§ YOUR INSTRUCTIONS: The result should be every line in the data below that carries the string "messages".

§ EXTRACTED MATERIAL:
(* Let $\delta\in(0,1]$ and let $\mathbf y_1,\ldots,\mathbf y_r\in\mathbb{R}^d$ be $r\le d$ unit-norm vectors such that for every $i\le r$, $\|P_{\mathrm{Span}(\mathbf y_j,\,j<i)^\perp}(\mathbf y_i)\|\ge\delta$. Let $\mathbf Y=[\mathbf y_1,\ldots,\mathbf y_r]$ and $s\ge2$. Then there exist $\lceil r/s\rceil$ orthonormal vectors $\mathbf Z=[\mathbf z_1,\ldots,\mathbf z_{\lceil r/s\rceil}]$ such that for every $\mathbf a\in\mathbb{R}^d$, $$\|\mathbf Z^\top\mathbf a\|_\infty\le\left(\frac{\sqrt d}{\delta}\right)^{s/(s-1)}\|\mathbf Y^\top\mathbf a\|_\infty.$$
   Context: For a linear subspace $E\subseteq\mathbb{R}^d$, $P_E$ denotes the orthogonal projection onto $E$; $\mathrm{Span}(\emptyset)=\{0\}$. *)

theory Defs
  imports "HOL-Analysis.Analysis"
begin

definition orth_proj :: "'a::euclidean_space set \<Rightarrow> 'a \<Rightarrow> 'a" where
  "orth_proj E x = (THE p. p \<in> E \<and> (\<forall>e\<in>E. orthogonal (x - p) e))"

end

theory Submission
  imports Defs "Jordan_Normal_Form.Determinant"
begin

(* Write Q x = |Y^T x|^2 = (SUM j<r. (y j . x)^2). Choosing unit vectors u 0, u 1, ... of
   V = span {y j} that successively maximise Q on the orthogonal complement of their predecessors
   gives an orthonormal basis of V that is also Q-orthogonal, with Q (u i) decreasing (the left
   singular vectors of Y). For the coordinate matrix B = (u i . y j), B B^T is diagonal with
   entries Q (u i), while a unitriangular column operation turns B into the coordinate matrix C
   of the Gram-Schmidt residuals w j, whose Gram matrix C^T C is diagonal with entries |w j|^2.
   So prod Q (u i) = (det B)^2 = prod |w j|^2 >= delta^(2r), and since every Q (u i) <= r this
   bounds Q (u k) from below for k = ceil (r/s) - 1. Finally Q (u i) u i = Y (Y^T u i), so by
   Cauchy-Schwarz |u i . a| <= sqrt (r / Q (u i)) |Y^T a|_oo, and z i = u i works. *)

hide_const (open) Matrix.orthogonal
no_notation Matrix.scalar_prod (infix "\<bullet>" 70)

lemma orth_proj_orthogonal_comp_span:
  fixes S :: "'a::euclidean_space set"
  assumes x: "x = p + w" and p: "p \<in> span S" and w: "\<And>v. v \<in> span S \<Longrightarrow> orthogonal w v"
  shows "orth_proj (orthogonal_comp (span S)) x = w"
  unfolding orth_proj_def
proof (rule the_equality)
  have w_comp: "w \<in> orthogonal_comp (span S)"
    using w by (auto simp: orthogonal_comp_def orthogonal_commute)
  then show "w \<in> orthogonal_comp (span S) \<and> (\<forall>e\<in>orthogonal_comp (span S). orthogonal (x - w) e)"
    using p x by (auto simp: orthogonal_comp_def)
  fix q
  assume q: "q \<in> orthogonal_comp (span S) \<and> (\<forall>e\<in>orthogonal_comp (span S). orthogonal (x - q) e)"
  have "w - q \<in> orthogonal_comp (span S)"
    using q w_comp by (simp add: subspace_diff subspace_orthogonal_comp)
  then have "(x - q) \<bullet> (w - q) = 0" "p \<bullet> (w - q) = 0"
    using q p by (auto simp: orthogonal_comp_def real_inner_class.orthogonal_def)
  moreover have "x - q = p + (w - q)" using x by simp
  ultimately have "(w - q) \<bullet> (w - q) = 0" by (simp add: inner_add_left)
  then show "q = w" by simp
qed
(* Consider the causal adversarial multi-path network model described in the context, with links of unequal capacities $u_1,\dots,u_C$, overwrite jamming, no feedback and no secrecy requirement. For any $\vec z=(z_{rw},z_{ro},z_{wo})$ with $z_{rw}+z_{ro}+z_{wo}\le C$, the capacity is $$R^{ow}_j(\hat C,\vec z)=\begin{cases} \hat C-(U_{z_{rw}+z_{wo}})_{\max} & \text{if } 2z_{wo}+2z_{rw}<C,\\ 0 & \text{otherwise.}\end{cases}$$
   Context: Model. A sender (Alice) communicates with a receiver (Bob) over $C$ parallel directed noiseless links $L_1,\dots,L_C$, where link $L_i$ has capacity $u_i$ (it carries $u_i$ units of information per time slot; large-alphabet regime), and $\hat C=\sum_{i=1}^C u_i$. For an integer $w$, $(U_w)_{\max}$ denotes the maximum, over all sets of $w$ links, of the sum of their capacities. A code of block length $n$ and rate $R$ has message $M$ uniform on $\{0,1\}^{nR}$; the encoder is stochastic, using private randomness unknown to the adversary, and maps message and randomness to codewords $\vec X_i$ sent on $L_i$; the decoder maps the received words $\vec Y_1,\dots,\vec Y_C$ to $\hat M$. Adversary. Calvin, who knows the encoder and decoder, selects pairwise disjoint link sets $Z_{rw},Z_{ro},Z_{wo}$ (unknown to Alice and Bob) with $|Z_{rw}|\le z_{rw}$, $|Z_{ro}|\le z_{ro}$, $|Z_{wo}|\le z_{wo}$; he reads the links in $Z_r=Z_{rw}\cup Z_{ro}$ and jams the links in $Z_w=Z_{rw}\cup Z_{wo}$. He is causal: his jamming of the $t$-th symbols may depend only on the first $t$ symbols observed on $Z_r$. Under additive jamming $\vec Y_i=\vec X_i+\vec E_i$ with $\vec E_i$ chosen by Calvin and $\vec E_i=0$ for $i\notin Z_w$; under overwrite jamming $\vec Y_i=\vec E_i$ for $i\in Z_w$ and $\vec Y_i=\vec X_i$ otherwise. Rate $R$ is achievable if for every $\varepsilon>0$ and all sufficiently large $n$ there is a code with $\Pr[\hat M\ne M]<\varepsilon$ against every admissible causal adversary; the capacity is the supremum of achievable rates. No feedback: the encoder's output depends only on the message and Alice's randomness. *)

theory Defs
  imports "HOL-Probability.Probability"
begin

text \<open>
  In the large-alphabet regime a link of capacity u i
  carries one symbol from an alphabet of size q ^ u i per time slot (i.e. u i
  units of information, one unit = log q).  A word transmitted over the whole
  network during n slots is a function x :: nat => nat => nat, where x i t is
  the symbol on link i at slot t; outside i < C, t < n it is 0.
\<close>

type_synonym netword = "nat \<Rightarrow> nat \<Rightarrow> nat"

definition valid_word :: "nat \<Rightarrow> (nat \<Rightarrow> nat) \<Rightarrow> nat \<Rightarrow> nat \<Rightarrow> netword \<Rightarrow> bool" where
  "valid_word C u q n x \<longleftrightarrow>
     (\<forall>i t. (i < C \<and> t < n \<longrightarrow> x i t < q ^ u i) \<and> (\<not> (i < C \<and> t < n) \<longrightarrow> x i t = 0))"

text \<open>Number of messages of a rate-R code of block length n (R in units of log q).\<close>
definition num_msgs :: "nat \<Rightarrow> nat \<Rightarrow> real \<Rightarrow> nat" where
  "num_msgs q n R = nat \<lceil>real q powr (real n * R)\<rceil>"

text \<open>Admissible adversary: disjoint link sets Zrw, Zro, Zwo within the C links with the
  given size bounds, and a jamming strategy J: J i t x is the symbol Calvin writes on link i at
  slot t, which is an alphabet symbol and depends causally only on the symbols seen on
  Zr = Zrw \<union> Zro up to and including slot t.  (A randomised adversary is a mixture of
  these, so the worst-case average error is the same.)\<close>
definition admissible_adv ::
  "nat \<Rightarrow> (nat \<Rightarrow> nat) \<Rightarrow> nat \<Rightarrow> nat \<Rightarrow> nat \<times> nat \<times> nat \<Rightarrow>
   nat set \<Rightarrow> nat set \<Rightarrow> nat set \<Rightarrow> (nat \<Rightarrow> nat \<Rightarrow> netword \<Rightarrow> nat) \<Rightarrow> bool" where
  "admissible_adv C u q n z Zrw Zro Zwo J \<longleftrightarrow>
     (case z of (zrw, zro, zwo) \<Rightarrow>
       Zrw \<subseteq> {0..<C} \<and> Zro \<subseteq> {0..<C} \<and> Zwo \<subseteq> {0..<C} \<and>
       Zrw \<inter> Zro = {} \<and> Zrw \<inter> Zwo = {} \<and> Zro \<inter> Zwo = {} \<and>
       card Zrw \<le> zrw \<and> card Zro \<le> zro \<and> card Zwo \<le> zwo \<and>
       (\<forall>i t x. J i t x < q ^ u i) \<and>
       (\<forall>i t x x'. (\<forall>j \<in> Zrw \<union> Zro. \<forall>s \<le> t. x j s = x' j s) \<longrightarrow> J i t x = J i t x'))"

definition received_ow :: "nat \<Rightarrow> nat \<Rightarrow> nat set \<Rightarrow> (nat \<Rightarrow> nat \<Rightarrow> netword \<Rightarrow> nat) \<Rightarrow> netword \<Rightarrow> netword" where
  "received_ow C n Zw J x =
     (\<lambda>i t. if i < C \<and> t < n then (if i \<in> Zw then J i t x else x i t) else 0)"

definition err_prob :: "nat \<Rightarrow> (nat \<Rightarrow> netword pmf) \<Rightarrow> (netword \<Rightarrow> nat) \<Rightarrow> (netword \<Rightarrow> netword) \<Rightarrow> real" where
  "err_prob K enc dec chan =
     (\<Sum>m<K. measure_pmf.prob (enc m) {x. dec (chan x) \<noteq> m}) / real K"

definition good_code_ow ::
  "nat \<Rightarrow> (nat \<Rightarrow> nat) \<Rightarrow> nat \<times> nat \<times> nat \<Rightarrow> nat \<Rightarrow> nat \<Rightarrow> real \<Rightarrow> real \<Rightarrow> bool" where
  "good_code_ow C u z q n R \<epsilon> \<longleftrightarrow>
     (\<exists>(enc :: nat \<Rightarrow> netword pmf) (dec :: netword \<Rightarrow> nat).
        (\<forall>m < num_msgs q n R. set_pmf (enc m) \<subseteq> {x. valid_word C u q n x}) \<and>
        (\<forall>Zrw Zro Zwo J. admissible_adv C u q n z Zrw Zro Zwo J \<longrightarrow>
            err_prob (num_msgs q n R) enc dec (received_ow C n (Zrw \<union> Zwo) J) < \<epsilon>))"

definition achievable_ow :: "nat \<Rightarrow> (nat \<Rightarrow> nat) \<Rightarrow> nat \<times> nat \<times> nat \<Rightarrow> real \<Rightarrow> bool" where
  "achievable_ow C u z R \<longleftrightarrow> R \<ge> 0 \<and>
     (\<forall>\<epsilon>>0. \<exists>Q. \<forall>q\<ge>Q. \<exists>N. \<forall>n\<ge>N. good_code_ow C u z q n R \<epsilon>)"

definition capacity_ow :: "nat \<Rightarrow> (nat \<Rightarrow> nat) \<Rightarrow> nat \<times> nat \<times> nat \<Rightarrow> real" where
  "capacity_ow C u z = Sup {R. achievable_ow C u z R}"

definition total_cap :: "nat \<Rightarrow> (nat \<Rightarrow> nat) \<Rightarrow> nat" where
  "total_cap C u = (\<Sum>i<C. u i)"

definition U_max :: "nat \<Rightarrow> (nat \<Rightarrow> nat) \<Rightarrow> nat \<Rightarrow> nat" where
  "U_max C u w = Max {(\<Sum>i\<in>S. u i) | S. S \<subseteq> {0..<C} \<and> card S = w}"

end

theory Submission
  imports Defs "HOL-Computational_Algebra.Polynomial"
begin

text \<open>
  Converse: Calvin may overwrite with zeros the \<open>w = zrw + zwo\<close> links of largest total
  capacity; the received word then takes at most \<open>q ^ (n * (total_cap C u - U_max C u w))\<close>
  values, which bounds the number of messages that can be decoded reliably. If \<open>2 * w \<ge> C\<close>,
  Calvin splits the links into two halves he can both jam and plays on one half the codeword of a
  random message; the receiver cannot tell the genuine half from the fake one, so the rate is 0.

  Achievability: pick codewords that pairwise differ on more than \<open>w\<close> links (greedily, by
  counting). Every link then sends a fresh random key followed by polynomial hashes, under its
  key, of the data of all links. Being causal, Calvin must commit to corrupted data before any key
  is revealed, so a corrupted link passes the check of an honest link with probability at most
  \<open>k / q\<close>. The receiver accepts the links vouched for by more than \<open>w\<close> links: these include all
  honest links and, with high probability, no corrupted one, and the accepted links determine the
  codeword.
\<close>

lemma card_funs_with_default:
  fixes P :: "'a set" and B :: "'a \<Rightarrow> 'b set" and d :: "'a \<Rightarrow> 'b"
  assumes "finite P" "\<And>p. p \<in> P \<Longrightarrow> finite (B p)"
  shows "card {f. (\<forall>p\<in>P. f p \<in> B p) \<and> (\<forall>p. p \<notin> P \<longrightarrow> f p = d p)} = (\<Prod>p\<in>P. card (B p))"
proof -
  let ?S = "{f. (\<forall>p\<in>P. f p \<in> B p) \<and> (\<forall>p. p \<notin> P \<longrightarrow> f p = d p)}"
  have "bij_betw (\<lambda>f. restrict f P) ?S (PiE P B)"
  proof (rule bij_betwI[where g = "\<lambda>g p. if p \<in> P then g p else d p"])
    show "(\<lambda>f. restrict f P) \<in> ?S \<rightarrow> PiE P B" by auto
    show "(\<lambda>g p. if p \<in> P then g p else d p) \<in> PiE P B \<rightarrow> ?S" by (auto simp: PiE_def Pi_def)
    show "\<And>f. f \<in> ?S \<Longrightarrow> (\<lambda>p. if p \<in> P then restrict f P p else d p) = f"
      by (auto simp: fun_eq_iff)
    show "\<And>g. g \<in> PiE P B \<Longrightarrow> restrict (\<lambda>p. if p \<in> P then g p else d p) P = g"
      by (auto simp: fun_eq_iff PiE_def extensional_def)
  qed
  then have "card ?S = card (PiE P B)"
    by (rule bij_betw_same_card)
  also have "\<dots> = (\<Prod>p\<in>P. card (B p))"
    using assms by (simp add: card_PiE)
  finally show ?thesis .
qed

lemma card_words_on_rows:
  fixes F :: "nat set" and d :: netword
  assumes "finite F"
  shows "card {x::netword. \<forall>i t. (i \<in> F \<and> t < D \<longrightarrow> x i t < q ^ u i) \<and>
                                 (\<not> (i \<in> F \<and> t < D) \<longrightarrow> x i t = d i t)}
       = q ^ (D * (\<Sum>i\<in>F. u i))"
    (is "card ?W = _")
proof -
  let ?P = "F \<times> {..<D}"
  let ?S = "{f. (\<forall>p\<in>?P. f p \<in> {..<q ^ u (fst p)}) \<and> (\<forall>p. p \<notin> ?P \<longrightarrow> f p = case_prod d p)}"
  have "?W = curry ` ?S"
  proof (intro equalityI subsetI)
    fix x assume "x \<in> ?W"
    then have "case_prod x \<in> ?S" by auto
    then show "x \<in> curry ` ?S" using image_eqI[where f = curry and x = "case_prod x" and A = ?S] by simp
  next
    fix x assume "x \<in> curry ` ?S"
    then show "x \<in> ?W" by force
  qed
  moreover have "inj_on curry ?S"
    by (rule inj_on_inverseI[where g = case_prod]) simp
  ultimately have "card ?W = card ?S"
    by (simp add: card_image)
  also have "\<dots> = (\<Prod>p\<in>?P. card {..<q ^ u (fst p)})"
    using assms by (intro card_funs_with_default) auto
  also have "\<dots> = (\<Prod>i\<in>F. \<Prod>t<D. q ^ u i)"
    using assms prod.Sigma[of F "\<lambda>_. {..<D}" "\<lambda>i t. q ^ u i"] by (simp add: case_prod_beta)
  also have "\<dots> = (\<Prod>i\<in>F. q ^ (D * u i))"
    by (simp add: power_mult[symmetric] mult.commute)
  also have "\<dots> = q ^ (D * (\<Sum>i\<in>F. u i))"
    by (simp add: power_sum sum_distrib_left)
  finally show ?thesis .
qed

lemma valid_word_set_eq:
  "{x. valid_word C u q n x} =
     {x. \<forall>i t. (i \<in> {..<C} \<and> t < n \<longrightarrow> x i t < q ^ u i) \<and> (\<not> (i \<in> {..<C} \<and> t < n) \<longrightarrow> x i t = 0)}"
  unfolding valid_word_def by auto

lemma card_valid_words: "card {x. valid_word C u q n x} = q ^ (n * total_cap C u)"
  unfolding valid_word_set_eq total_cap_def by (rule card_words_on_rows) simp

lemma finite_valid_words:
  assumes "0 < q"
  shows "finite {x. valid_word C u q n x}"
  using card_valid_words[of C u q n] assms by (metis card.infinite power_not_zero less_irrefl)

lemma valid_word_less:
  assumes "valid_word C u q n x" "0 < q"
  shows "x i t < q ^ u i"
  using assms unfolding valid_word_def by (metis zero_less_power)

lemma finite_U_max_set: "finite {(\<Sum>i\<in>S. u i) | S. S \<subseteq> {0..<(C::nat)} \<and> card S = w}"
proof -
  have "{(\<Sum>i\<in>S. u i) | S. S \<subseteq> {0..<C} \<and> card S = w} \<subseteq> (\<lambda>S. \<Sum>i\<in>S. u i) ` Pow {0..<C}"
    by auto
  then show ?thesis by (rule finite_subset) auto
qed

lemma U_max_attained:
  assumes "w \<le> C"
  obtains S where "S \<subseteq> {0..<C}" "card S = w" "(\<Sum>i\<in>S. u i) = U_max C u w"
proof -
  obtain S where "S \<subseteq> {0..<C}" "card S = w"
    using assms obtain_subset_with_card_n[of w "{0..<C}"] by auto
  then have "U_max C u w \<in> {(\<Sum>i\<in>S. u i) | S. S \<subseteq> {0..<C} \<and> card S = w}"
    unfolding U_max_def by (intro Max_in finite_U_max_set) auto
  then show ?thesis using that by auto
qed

§ EXPECTED OUTPUT:
text \<open>Number of messages of a rate-R code of block length n (R in units of log q).\<close>
  values, which bounds the number of messages that can be decoded reliably. If \<open>2 * w \<ge> C\<close>,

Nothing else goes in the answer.